In the detail of the final guidance, several key themes emerge.6 Firstly, emphasis is placed on defining the role that a PRO end point is intended to play in the clinical trial, so that chosen outcome measures are matched appropriately to specific treatment objectives. Secondly, the fundamental role of a PRO measure’s content validity (the extent to which an instrument measures the concept of interest) is expanded and clarified.6 The FDA acknowledges that different approaches may be needed to ensure that existing, modified, or newly created PRO measures are appropriate to support product labelling claims. The guidance also states that sponsors need to supply evidence that a PRO instrument adequately measures what is claimed by documenting its development history. This would detail item (question) design and modification, measurement properties (including reliability, validity, and responsiveness), how well patients understand questionnaire items and response (answer) options, and the appropriateness of the PRO measure to the patient group. In addition, sponsors need to specify the method of collecting the data (for example, pencil and paper v electronic) and other details such as the recall period (the timeline over which the respondent is asked to reflect).

Finally, the FDA recommends submission of a PRO evidence dossier (a file including full details of the rationale for the use of the PRO measure, its development history, and validation). Previously, recommendations about the content of a PRO evidence dossier were vague but are now detailed fully in the appendix, offering clear and practical guidance about the evidence to be submitted in support of a PRO based labelling claim.

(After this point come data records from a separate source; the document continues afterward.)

lemma zero_notin_convex_hull_one_sided:
  assumes "cross2 x y > 0" "cross2 x z > 0"
  shows "0 \<notin> convex hull {x, y, z}"
proof
  assume "0 \<in> convex hull {x, y, z}"
  then obtain u v w where uvw: "0 \<le> u" "0 \<le> v" "0 \<le> w" "u + v + w = 1"
    and eq: "u *\<^sub>R x + v *\<^sub>R y + w *\<^sub>R z = 0"
    unfolding convex_hull_3 by auto
  \<comment> \<open>pairing the relation with \<open>x\<close> kills the \<open>u\<close>-term\<close>
  have "v * cross2 x y + w * cross2 x z = cross2 x (u *\<^sub>R x + v *\<^sub>R y + w *\<^sub>R z)"
    by (simp add: cross2_def algebra_simps)
  then have "v * cross2 x y + w * cross2 x z = 0" using eq by (simp add: cross2_def)
  then have "v = 0" "w = 0"
    using uvw assms by (smt (verit) mult_nonneg_nonneg mult_pos_pos)+
  then have "x = 0" using uvw eq by simp
  then show False using assms by (simp add: cross2_def)
qed

lemma zero_in_convex_hull_not_one_sided:
  assumes nz: "cross2 x y \<noteq> 0" "cross2 y z \<noteq> 0" "cross2 z x \<noteq> 0"
    and "\<not> (cross2 x y > 0 \<and> cross2 x z > 0)"
    and "\<not> (cross2 y z > 0 \<and> cross2 y x > 0)"
    and "\<not> (cross2 z x > 0 \<and> cross2 z y > 0)"
  shows "0 \<in> convex hull {x, y, z}"
proof -
  define s1 s2 s3 where "s1 = cross2 y z" "s2 = cross2 z x" "s3 = cross2 x y"
  \<comment> \<open>Cramer's rule: \<open>x, y, z\<close> are linearly dependent with these coefficients\<close>
  have rel: "s1 *\<^sub>R x + s2 *\<^sub>R y + s3 *\<^sub>R z = 0"
    unfolding s1_s2_s3_def cross2_def by (cases x, cases y, cases z) (simp add: algebra_simps zero_prod_def)
  have signs: "(s1 > 0 \<and> s2 > 0 \<and> s3 > 0) \<or> (s1 < 0 \<and> s2 < 0 \<and> s3 < 0)"
    using assms cross2_anticomm[of x y] cross2_anticomm[of y z] cross2_anticomm[of z x]
    unfolding s1_s2_s3_def by linarith
  define S where "S = s1 + s2 + s3"
  have "S \<noteq> 0" using signs unfolding S_def by linarith
  have "(s1 / S) *\<^sub>R x + (s2 / S) *\<^sub>R y + (s3 / S) *\<^sub>R z = (1 / S) *\<^sub>R (s1 *\<^sub>R x + s2 *\<^sub>R y + s3 *\<^sub>R z)"
    by (simp add: scaleR_add_right)
  then have "(s1 / S) *\<^sub>R x + (s2 / S) *\<^sub>R y + (s3 / S) *\<^sub>R z = 0" using rel by simp
  moreover have "0 \<le> s1 / S" "0 \<le> s2 / S" "0 \<le> s3 / S"
    using signs unfolding S_def by (auto intro: divide_nonpos_neg)
  moreover have "s1 / S + s2 / S + s3 / S = 1"
    using \<open>S \<noteq> 0\<close> unfolding S_def by (simp add: add_divide_distrib[symmetric])
  ultimately show ?thesis unfolding convex_hull_3 by force
qed
(* There is an absolute constant $C$ such that the following holds. Let $(\mathcal T,\{B_i\})$ be a tree decomposition of a graph $G$, rooted at $r$, such that every node has level at most $d$, and let $\lambda\in\{1,\dots,d\}$. Define new bags $B'_v := \bigcup_{w\in \mathcal T_{v\leftrightarrow\sigma(v)}} B_w$ for $v\neq r$ and $B'_r:=B_r$. Then $(\mathcal T,\{B'_v\})$ has combinatorial diameter at most $C\cdot d/\lambda$.
   Context: Tree decomposition: tree with bags covering vertices and edges of $G$, each vertex's bags forming a connected subtree. $\mathcal T_{x\leftrightarrow y}$ is the set of nodes on the unique $x$–$y$ path in $\mathcal T$. The level $\ell(v)$ of a node is the number of edges on $\mathcal T_{v\leftrightarrow r}$. A node is a synchronization node if its level is a multiple of $\lambda$. For $v\neq r$, the synchronization ancestor $\sigma(v)$ is the first synchronization node on the path from $v$ to $r$, excluding $v$ itself. Combinatorial diameter: for nodes $s,t$ consider the path $\mathcal T_{s\leftrightarrow t}$. A non-endpoint node $v$ of the current path, with its two neighbours on the current path labelled $u,w$ (in some order), is redundant if $B_v\cap B_w\subseteq B_u$; bypassing $v$ deletes $v$ and joins $u,w$. The path has combinatorial length at most $\ell$ if repeatedly bypassing redundant nodes (redundancy evaluated in the current path) yields a path with at most $\ell$ edges. The combinatorial diameter is the minimum $\delta$ such that every path $\mathcal T_{u\leftrightarrow v}$ has combinatorial length at most $\delta$ (with respect to the given bags). *)

theory Defs
  imports Complex_Main
begin

definition is_tpath :: "('n \<Rightarrow> 'n \<Rightarrow> bool) \<Rightarrow> 'n set \<Rightarrow> 'n list \<Rightarrow> 'n \<Rightarrow> 'n \<Rightarrow> bool" where
  "is_tpath TE N p u v \<longleftrightarrow> p \<noteq> [] \<and> hd p = u \<and> last p = v \<and> distinct p \<and> set p \<subseteq> N
     \<and> (\<forall>i. Suc i < length p \<longrightarrow> TE (p ! i) (p ! Suc i))"

definition is_tree :: "'n set \<Rightarrow> ('n \<Rightarrow> 'n \<Rightarrow> bool) \<Rightarrow> bool" where
  "is_tree N TE \<longleftrightarrow> finite N \<and> N \<noteq> {}
     \<and> (\<forall>x y. TE x y \<longrightarrow> x \<in> N \<and> y \<in> N \<and> TE y x \<and> x \<noteq> y)
     \<and> (\<forall>u\<in>N. \<forall>v\<in>N. \<exists>!p. is_tpath TE N p u v)"

definition tpath :: "'n set \<Rightarrow> ('n \<Rightarrow> 'n \<Rightarrow> bool) \<Rightarrow> 'n \<Rightarrow> 'n \<Rightarrow> 'n list" where
  "tpath N TE u v = (THE p. is_tpath TE N p u v)"

definition is_tree_decomp ::
  "'v set \<Rightarrow> ('v \<times> 'v) set \<Rightarrow> 'n set \<Rightarrow> ('n \<Rightarrow> 'n \<Rightarrow> bool) \<Rightarrow> ('n \<Rightarrow> 'v set) \<Rightarrow> bool" where
  "is_tree_decomp V E N TE B \<longleftrightarrow> is_tree N TE
     \<and> (\<forall>t\<in>N. B t \<subseteq> V)
     \<and> (\<forall>x\<in>V. \<exists>t\<in>N. x \<in> B t)
     \<and> (\<forall>(x,y)\<in>E. \<exists>t\<in>N. x \<in> B t \<and> y \<in> B t)
     \<and> (\<forall>x t1 t2. t1 \<in> N \<longrightarrow> t2 \<in> N \<longrightarrow> x \<in> B t1 \<longrightarrow> x \<in> B t2
          \<longrightarrow> (\<forall>w\<in>set (tpath N TE t1 t2). x \<in> B w))"

definition level :: "'n set \<Rightarrow> ('n \<Rightarrow> 'n \<Rightarrow> bool) \<Rightarrow> 'n \<Rightarrow> 'n \<Rightarrow> nat" where
  "level N TE r v = length (tpath N TE v r) - 1"

definition sync_node :: "'n set \<Rightarrow> ('n \<Rightarrow> 'n \<Rightarrow> bool) \<Rightarrow> 'n \<Rightarrow> nat \<Rightarrow> 'n \<Rightarrow> bool" where
  "sync_node N TE r lam v \<longleftrightarrow> lam dvd level N TE r v"

definition sync_anc :: "'n set \<Rightarrow> ('n \<Rightarrow> 'n \<Rightarrow> bool) \<Rightarrow> 'n \<Rightarrow> nat \<Rightarrow> 'n \<Rightarrow> 'n" where
  "sync_anc N TE r lam v = hd (filter (sync_node N TE r lam) (tl (tpath N TE v r)))"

So what are we to make of the FDA guidance? Some have warned about the dangers of PRO measures being used to adjust hospital reimbursements,8 and commercial forces driving the inclusion of PRO measures in drug labelling. However, any initiative that puts patients at the centre of treatment decisions is welcome providing these measures are selected and interpreted appropriately and related precisely to a priori hypotheses regarding treatment outcome. Moreover, the FDA guidance will end the unscientific practice of including any vaguely relevant PRO instrument in a clinical trial at the eleventh hour. Instead, a clear strategy for the inclusion of PROs in clinical trial programmes will be required, just as for other clinical end points. If drug companies believe there are valid PRO claims to be made for their compounds, they will need to gather evidence to support the inclusion of PROs as early as phase I-II trials and give careful consideration to the selection and development of appropriate PRO measures.

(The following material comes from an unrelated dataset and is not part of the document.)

(* Assume that the graph Laplacian $\mathbf{L}$ has exactly $r$ distinct eigenvalues. A signal $f\in\mathcal{A}_{\mathbf{L}}$ is a positive semi-definite (respectively positive definite) function if and only if the $r\times r$ Hankel matrix $\mathbf{H}_r(f)$ is positive semi-definite (respectively positive definite), where $$\mathbf{H}_r(x)=\big(f_{\mathbb{1}}^\intercal\mathbf{L}^{i+j-2}x\big)_{i,j=1}^{r}.$$
   Context: Let $G$ be a graph with vertices $v_1,\dots,v_n$, symmetric non-negative weighted adjacency matrix $\mathbf{A}$, degree matrix $\mathbf{D}=\mathrm{diag}(\sum_k\mathbf{A}_{ik})$ (positive), and normalized Laplacian $\mathbf{L}=\mathbf{I}_n-\mathbf{D}^{-1/2}\mathbf{A}\mathbf{D}^{-1/2}$. Signals are vectors in $\mathcal{L}(G)\cong\mathbb{R}^n$ with standard basis $e_1,\dots,e_n$. Fix an orthonormal eigendecomposition $\mathbf{L}=\mathbf{U}\,\mathrm{diag}(\lambda_1,\dots,\lambda_n)\mathbf{U}^\intercal$ with columns $u_1,\dots,u_n$. Fourier transform $\hat{x}=\mathbf{U}^\intercal x$; convolution operator $\mathbf{C}_x=\mathbf{U}\,\mathrm{diag}(\hat{x})\mathbf{U}^\intercal$; $f_{\mathbb{1}}=\sum_{k=1}^n u_k$; $\mathcal{A}_{\mathbf{L}}=\mathrm{span}\{f_{\mathbb{1}},\mathbf{L}f_{\mathbb{1}},\dots,\mathbf{L}^{n-1}f_{\mathbb{1}}\}$. For $f\in\mathcal{L}(G)$ let $(\mathbf{K}_f)_{ij}=(\mathbf{C}_{e_j}f)(v_i)$; $f$ is called a positive semi-definite (positive definite) function if $\mathbf{K}_f$ is symmetric and positive semi-definite (strictly positive definite). *)

theory Defs
  imports "HOL-Analysis.Analysis"
begin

The number of successful PRO based product labelling claims fell in the years after the release of the draft guidance (compared with the preceding five years),9 which may indicate increased challenges faced by drug companies wanting to show treatment benefits from the patient perspective. Furthermore, successful claims were largely symptom based, possibly highlighting the difficulty (or perceived difficulty) of securing a claim based on more contentious (though, arguably, more patient centred) concepts, such as wellbeing and treatment satisfaction. Careful recrafting means that the 2009 guidance now offers greater clarity and flexibility regarding what constitutes acceptable supporting evidence. In so doing, the FDA has simultaneously raised the stakes and improved the odds of drug companies securing a greater number and variety of successful PRO based labelling claims.

The FDA’s guidance explicitly states that it does not cover the use of PRO measures beyond evaluation of medical product claims, but the basic principles are undoubtedly relevant for a range of stakeholders: know what you want to measure, why you want to measure it, and be sure that the PRO instrument you choose measures what is intended. Most importantly the guidance promotes good scientific research practices that should be adopted by any researcher or clinician, thus ensuring that outcomes reported from the patient’s perspective are robust and meaningful.